GRIFFIN Natural Silk dominates professional repair work for three specific reasons. First, it’s what most fine pearl necklaces were originally strung on, so restringing with the same material preserves the original drape and character of the piece. Second, it comes in 13 precisely calibrated sizes from No. 0 (0.30mm) to No. 16 (1.05mm), allowing an exact match to virtually any pearl necklace regardless of origin or age. Third, its consistency across batches means a cord size used on a repair today will behave identically to the same size used on the original piece years earlier.
For jewellers who market their repair services as like-for-like professional work, GRIFFIN Natural Silk isn’t optional. It’s the standard.

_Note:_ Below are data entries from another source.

lemma R_small: assumes "\<omega> \<ge> \<omega>0" shows "R / \<omega> < r0"
proof -
  have w: "\<omega> > 0" using assms \<omega>0_pos by simp
  have "R / r0 < \<omega>" using assms unfolding \<omega>0_def by simp
  then have "R < \<omega> * r0" using pos_divide_less_eq[OF r0_pos] by simp
  then have "R < r0 * \<omega>" by (simp only: mult.commute)
  then show ?thesis using pos_divide_less_eq[OF w] by simp
qed

lemma yw_cont: assumes "\<omega> > 0" shows "continuous_on {0..} (yw \<omega>)"
  by (rule continuous_on_atLeast_of_deriv, rule yd(1)[OF assms])

text \<open>A
  continuity argument: yw omega cannot leave the ball of radius r0 without first
  crossing a sphere on which |g| would exceed its O(1/omega) bound.\<close>
lemma y_near_y0:
  assumes "\<omega> \<ge> \<omega>0" "t \<ge> 0"
  shows "norm (yw \<omega> t - y0) \<le> R / \<omega>"
proof (rule ccontr)
  assume "\<not> ?thesis"
  then have big: "norm (yw \<omega> t - y0) > R / \<omega>" by simp
  have wpos: "\<omega> > 0" using assms \<omega>0_pos by simp
  define v where "v = min (norm (yw \<omega> t - y0)) r0"
  have vR: "v > R / \<omega>" using big R_small[OF assms(1)] unfolding v_def by simp
  have cont: "continuous_on {0..t} (\<lambda>s. norm (yw \<omega> s - y0))"
    by (intro continuous_intros continuous_on_subset[OF yw_cont[OF wpos]]) auto
  have "\<exists>s. 0 \<le> s \<and> s \<le> t \<and> norm (yw \<omega> s - y0) = v"
    by (rule IVT'[OF _ _ assms(2) cont]) (use yd(3)[OF wpos] vR R_nonneg wpos r0_pos in \<open>auto simp: v_def\<close>)
  then obtain s where s: "0 \<le> s" "norm (yw \<omega> s - y0) = v" by blast
  have "v \<le> r0" unfolding v_def by simp
  then have "(cA / 2) * v \<le> norm (g (yw \<omega> s))" using g_lower_bound[of "yw \<omega> s"] s(2) by simp
  also have "\<dots> \<le> sqrt K2 / \<omega>" using g_bound[OF wpos s(1)] .
  finally have c: "(cA / 2) * v \<le> sqrt K2 / \<omega>" .
  have "v = ((cA/2) * v) / (cA/2)" using cA_pos by simp
  also have "\<dots> \<le> (sqrt K2/\<omega>)/(cA/2)" by (rule divide_right_mono[OF c]) (use cA_pos in simp)
  also have "\<dots> = R/\<omega>" unfolding R_def by (simp add: field_simps)
  finally show False using vR by simp
qed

Expert Tips: Choosing the Right GRIFFIN Silk Cord Size
The correct cord size is the largest diameter that passes through the bead hole twice – once in each direction when knotting – with slight resistance. A cord that goes through too freely won’t hold a knot snugly against the bead; one that’s too tight risks damaging the drill hole over time. As a starting reference:
- No. 0 (0.30mm): Tiny seed pearls, very fine freshwater pearl strands with narrow drill holes
- No. 1 (0.35mm): Very fine seed pearls and micro-drilled freshwater pearls
- No. 2 (0.45mm): Small freshwater pearls, delicate seed pearl strands
- No. 3 (0.50mm): Fine freshwater pearls, small drilled semi-precious beads
- No. 4 (0.60mm): Standard freshwater pearls, light gemstone beads
- No. 5 (0.65mm): Medium freshwater pearls, lighter cultured pearl strands
- No. 6 (0.70mm): Medium cultured Akoya pearls, standard gemstone beads
- No. 7 (0.75mm): Standard cultured Akoya pearls, medium-weight gemstone beads
- No. 8 (0.80mm): Larger Akoya pearls, most standard cultured pearl strands
- No. 10 (0.90mm): South Sea and larger cultured pearls, heavier gemstones
- No. 12 (0.98mm): Large South Sea pearls, heavy gemstone strands
- No. 14 (1.00mm) and No. 16 (1.05mm): Large South Sea, Baroque and oversized pearls
When working with an unfamiliar pearl, test two adjacent sizes before starting the strand. Thread both through a bead from the lot and check the fit. Go with the size that passes through with slight resistance but doesn’t need force. When you’re between sizes, always choose the larger one for better knot security.
Colour matching matters too, particularly in repair work. GRIFFIN Natural Silk comes in 21 colours. For pearl work, white, cream and beige cover the majority of applications. For coloured or dyed pearl strands, match the thread as closely as possible to the predominant tone of the pearl so the knots read as part of the strand, not as interruptions to it.